▸ **Exercise aim**
The lines from the top of the listing through the one containing "gamma.order_ideals_iff by blast" are to be retyped exactly, with no other lines.

▸ **Excerpted data**
::::::::::

text \<open>The inverse of \<open>label_ideal\<close>: \<open>f p\<close> is the least \<open>k\<close> with \<open>(p, k) \<in> J\<close>,
  and \<open>Max (R p)\<close> if there is none.\<close>

lemma label_ideal_surj:
  assumes J: "J \<in> ideals"
  shows "\<exists>f\<in>labelings P R. label_ideal P R f = J"
proof -
  have JG: "J \<subseteq> Gamma P R" using J gamma.order_ideals_iff by blast
  define T where "T p = insert (Max (R p)) {k\<in>R p. (p, k) \<in> J}" for p
  define f where "f = restrict (\<lambda>p. Min (T p)) P"
  have T: "finite (T p)" "T p \<subseteq> R p" if "p \<in> P" for p
    using that finite_R R_nonempty unfolding T_def by auto
  have fT: "f p \<in> T p" "\<And>k. k \<in> T p \<Longrightarrow> f p \<le> k" if p: "p \<in> P" for p
  proof -
    have "T p \<noteq> {}" by (simp add: T_def)
    then show "f p \<in> T p" "\<And>k. k \<in> T p \<Longrightarrow> f p \<le> k" using T[OF p] p unfolding f_def by auto
  qed
  have f: "f \<in> labelings P R" using fT T unfolding labelings_def f_def by auto
  have "(p, k) \<in> label_ideal P R f \<longleftrightarrow> (p, k) \<in> J" for p k
  proof
    assume "(p, k) \<in> J"
    then show "(p, k) \<in> label_ideal P R f"
      using JG fT(2)[of p k] by (auto simp: mem_label_ideal_iff mem_Gamma_iff T_def)
  next
    assume x: "(p, k) \<in> label_ideal P R f"
    then have G: "(p, k) \<in> Gamma P R" and le: "f p \<le> k" and pP: "p \<in> P"
      by (auto simp: mem_label_ideal_iff mem_Gamma_iff)
    then have "k < Max (R p)" using finite_R[OF pP] by (simp add: mem_Gamma_iff order_less_le)
    then have "f p \<noteq> Max (R p)" using le by simp
    then have "(p, f p) \<in> J" using fT(1)[OF pP] unfolding T_def by blast
    then show "(p, k) \<in> J" using ideal_fibre_up_closed[OF J _ G le] by simp
  qed
  then have "label_ideal P R f = J" by (simp add: set_eq_iff split_paired_all)
  then show ?thesis using f by blast
qed

lemma label_ideal_bij: "bij_betw (label_ideal P R) (IncR P R) ideals"
proof (rule bij_betw_imageI)
  show "inj_on (label_ideal P R) (IncR P R)"
    using label_ideal_inj_on by (rule inj_on_subset) (auto simp: IncR_eq)
  show "label_ideal P R ` IncR P R = ideals"
    using IncR_iff_label_ideal label_ideal_surj unfolding IncR_eq by fastforce
qed

lemma label_ideal_fun_upd_succ:
  assumes p: "p \<in> P" and s: "is_succ (R p) i s" and i: "i \<in> R p"
  shows "label_ideal P R (f(p := i)) = insert (p, i) (label_ideal P R (f(p := s)))"
    and "(p, i) \<notin> label_ideal P R (f(p := s))"
proof -
  have "s \<in> R p" "i < s" using s unfolding is_succ_def by auto
  moreover have "s \<le> Max (R p)" using finite_R[OF p] \<open>s \<in> R p\<close> by simp
  ultimately have "(p, i) \<in> Gamma P R" using p i by (simp add: mem_Gamma_iff)
  then show "label_ideal P R (f(p := i)) = insert (p, i) (label_ideal P R (f(p := s)))"
    using is_succ_le_iff[OF s] \<open>i < s\<close>
    by (auto simp: set_eq_iff split_paired_all mem_label_ideal_iff mem_Gamma_iff)
  show "(p, i) \<notin> label_ideal P R (f(p := s))"
    using \<open>i < s\<close> by (simp add: mem_label_ideal_iff)
qed

lemma rho_at_value_iff_toggle:
  assumes f: "f \<in> labelings P R" and p: "p \<in> P" and fp: "f p = i" and s: "is_succ (R p) i s"
  shows "rho P R i f p \<le> i \<longleftrightarrow>
    (p, i) \<in> toggle (Gamma P R) (gamma_cover P R)\<^sup>*\<^sup>* (p, i) (label_ideal P R f)"
proof -
  let ?I' = "label_ideal P R (f(p := s))"
  have i: "i \<in> R p" and "s \<in> R p" "i < s" using f p fp s unfolding labelings_def is_succ_def by auto
  have "label_ideal P R f = insert (p, i) ?I'" "(p, i) \<notin> ?I'"
    using label_ideal_fun_upd_succ[OF p s i, of f] fp by (simp_all add: fun_upd_idem)
  moreover have "f(p := s) \<in> IncR P R \<longleftrightarrow> ?I' \<in> ideals"
    using IncR_iff_label_ideal fun_upd_in_labelings[OF f p \<open>s \<in> R p\<close>] by blast
  ultimately show ?thesis
    using \<open>i < s\<close> fp unfolding rho_eq_if_succ[where R = R, OF p s] toggle_def by auto
qed

lemma rho_at_succ_iff_toggle:
  assumes f: "f \<in> labelings P R" and p: "p \<in> P" and fp: "f p = s" and s: "is_succ (R p) i s"
    and i: "i \<in> R p"
  shows "rho P R i f p \<le> i \<longleftrightarrow>
    (p, i) \<in> toggle (Gamma P R) (gamma_cover P R)\<^sup>*\<^sup>* (p, i) (label_ideal P R f)"
proof -
  have "i < s" using s unfolding is_succ_def by auto
  have "label_ideal P R (f(p := i)) = insert (p, i) (label_ideal P R f)"
    "(p, i) \<notin> label_ideal P R f"
    using label_ideal_fun_upd_succ[OF p s i, of f] fp by (simp_all add: fun_upd_idem)
  moreover have "f(p := i) \<in> IncR P R \<longleftrightarrow> label_ideal P R (f(p := i)) \<in> ideals"
    using IncR_iff_label_ideal fun_upd_in_labelings[OF f p i] by blast
  ultimately show ?thesis
    using \<open>i < s\<close> fp unfolding rho_eq_if_succ[where R = R, OF p s] toggle_def by auto
qed

text \<open>If \<open>f p\<close> is neither \<open>i\<close> nor \<open>R(p)_{>i}\<close>, the toggle at \<open>(p, i)\<close> is blocked:
  by the neighbour \<open>(p, R(p)_{<i})\<close> in the ideal, or by the missing neighbour \<open>(p, R(p)_{>i})\<close>.\<close>

lemma rho_elsewhere_iff_toggle:
  assumes f: "f \<in> IncR P R" and p: "p \<in> P" and s: "is_succ (R p) i s"
    and i: "i \<in> R p" and fp: "f p \<noteq> i" "f p \<noteq> s"
  shows "rho P R i f p \<le> i \<longleftrightarrow>
    (p, i) \<in> toggle (Gamma P R) (gamma_cover P R)\<^sup>*\<^sup>* (p, i) (label_ideal P R f)"
proof -
  let ?I = "label_ideal P R f"
  have fR: "f p \<in> R p" and I: "?I \<in> ideals"
    using f p IncR_iff_label_ideal unfolding IncR_eq labelings_def by auto
  have "s \<in> R p" "i < s" "s \<le> Max (R p)" using s finite_R[OF p] unfolding is_succ_def by auto
  then have Gi: "(p, i) \<in> Gamma P R" using p i by (auto simp: mem_Gamma_iff)
  have rho: "rho P R i f p = f p" using fp unfolding rho_eq_if_succ[where R = R, OF p s] by simp
  show ?thesis
  proof (cases "f p < i")
    case True
    obtain k where k: "is_pred (R p) i k" using is_pred_exists[OF finite_R[OF p] fR True] ..
    then have "(p, k) \<in> ?I" "gamma_cover P R (p, i) (p, k)" "(p, i) \<in> ?I"
      using fR True Gi is_succ_if_is_pred[OF k i] \<open>i < s\<close> \<open>s \<le> Max (R p)\<close> p
      by (auto simp: mem_label_ideal_iff mem_Gamma_iff gamma_cover_iff is_pred_def)
    then show ?thesis using gamma.mem_toggle_iff[OF I Gi] rho True by auto
  next
    case False
    then have "s < f p" using s fR fp unfolding is_succ_def by force
    moreover have "f p \<le> Max (R p)" using fR finite_R[OF p] by simp
    ultimately have "gamma_cover P R (p, s) (p, i)" "(p, s) \<notin> ?I" "(p, i) \<notin> ?I"
      using Gi s \<open>s \<in> R p\<close> \<open>i < s\<close> p by (auto simp: mem_label_ideal_iff mem_Gamma_iff gamma_cover_iff)
    then show ?thesis using gamma.mem_toggle_iff[OF I Gi] rho \<open>s < f p\<close> \<open>i < s\<close> by auto
  qed
qed

lemma label_ideal_rho:
  assumes f: "f \<in> IncR P R"
  shows "label_ideal P R (rho P R i f) =
    toggle_all (Gamma P R) (gamma_cover P R)\<^sup>*\<^sup>* {x\<in>Gamma P R. (\<lambda>(p, k). k) x = i}
      (label_ideal P R f)"
proof -
  have fl: "f \<in> labelings P R" using f IncR_eq by blast
  have "(p, k) \<in> label_ideal P R (rho P R i f) \<longleftrightarrow>
      (p, i) \<in> toggle (Gamma P R) (gamma_cover P R)\<^sup>*\<^sup>* (p, i) (label_ideal P R f)"
    if G: "(p, k) \<in> Gamma P R" and ki: "k = i" for p k
  proof -
    have p: "p \<in> P" and i: "i \<in> R p" "i < Max (R p)"
      using G ki finite_R by (auto simp: mem_Gamma_iff order_less_le)
    obtain s where s: "is_succ (R p) i s"
      using is_succ_exists[OF finite_R[OF p] Max_in[OF finite_R[OF p] R_nonempty[OF p]] i(2)] ..
    consider "f p = i" | "f p = s" | "f p \<noteq> i" "f p \<noteq> s" by blast
    then have "rho P R i f p \<le> i \<longleftrightarrow>
        (p, i) \<in> toggle (Gamma P R) (gamma_cover P R)\<^sup>*\<^sup>* (p, i) (label_ideal P R f)"
      by cases (use rho_at_value_iff_toggle[OF fl p _ s] rho_at_succ_iff_toggle[OF fl p _ s i(1)]
          rho_elsewhere_iff_toggle[OF f p s i(1)] in blast)+
    then show ?thesis using G ki by (simp add: mem_label_ideal_iff)
  qed
  moreover have "(p, k) \<in> label_ideal P R (rho P R i f) \<longleftrightarrow> (p, k) \<in> label_ideal P R f"
    if "k \<noteq> i" for p k
    using rho_le_iff[where P = P and R = R and p = p and k = k] that
    by (auto simp: mem_label_ideal_iff mem_Gamma_iff)
  ultimately show ?thesis
    by (auto simp: set_eq_iff split_paired_all toggle_all_def mem_label_ideal_iff)
qed

lemma rho_step:
  assumes f: "f \<in> IncR P R"
  shows "rho P R i f \<in> IncR P R \<and>
    label_ideal P R (rho P R i f) =
      togT (Gamma P R) (gamma_cover P R)\<^sup>*\<^sup>* (\<lambda>(p, k). k) i (label_ideal P R f)"
proof -
  have fl: "f \<in> labelings P R" using f by (simp add: IncR_eq)
  have I: "label_ideal P R f \<in> ideals" using IncR_iff_label_ideal[OF fl] f by simp
  have "\<And>a b. gamma_cover P R a b \<Longrightarrow> (\<lambda>(p, k). k) a \<noteq> (\<lambda>(p, k). k) b"
    by (drule gamma_cover_snd_neq) (simp add: case_prod_unfold)
  then have eq: "label_ideal P R (rho P R i f) =
      togT (Gamma P R) (gamma_cover P R)\<^sup>*\<^sup>* (\<lambda>(p, k). k) i (label_ideal P R f)"
    unfolding label_ideal_rho[OF f] by (rule gamma.togT_eq_toggle_all[OF finite_Gamma _ I, symmetric])
  have "togT (Gamma P R) (gamma_cover P R)\<^sup>*\<^sup>* (\<lambda>(p, k). k) i (label_ideal P R f) \<in> ideals"
    unfolding togT_def using I by (rule fold_toggle_order_ideal)
  moreover have rl: "rho P R i f \<in> labelings P R" using fl by (rule rho_in_labelings)
  ultimately have "rho P R i f \<in> IncR P R" using IncR_iff_label_ideal[OF rl] eq by simp
  with eq show ?thesis by simp
qed

lemma fold_rho:
  "f \<in> IncR P R \<Longrightarrow> fold (rho P R) xs f \<in> IncR P R \<and>
    label_ideal P R (fold (rho P R) xs f) =
      fold (togT (Gamma P R) (gamma_cover P R)\<^sup>*\<^sup>* (\<lambda>(p, k). k)) xs (label_ideal P R f)"
  by (induction xs arbitrary: f) (simp_all add: rho_step)

lemma label_ideal_IncPro:
  assumes "f \<in> IncR P R"
  shows "label_ideal P R (IncPro P R f) =
    TogPro (Gamma P R) (gamma_cover P R)\<^sup>*\<^sup>* (\<lambda>(p, k). k) (label_ideal P R f)"
proof -
  have "finite (\<Union>p\<in>P. R p)" using finite_P finite_R by blast
  moreover have "(\<lambda>(p, k). k) ` Gamma P R \<subseteq> (\<Union>p\<in>P. R p)" by (auto simp: Gamma_def)
  ultimately have "fold (togT (Gamma P R) (gamma_cover P R)\<^sup>*\<^sup>* (\<lambda>(p, k). k))
      (sorted_list_of_set (\<Union>p\<in>P. R p)) = TogPro (Gamma P R) (gamma_cover P R)\<^sup>*\<^sup>* (\<lambda>(p, k). k)"
    by (rule TogPro_eq_fold_superset)
  then show ?thesis using fold_rho[OF assms] unfolding IncPro_def by simp
qed

end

::::::::::

▸ **Output of the exercise**
text \<open>The inverse of \<open>label_ideal\<close>: \<open>f p\<close> is the least \<open>k\<close> with \<open>(p, k) \<in> J\<close>,
  and \<open>Max (R p)\<close> if there is none.\<close>

lemma label_ideal_surj:
  assumes J: "J \<in> ideals"
  shows "\<exists>f\<in>labelings P R. label_ideal P R f = J"
proof -
  have JG: "J \<subseteq> Gamma P R" using J gamma.order_ideals_iff by blast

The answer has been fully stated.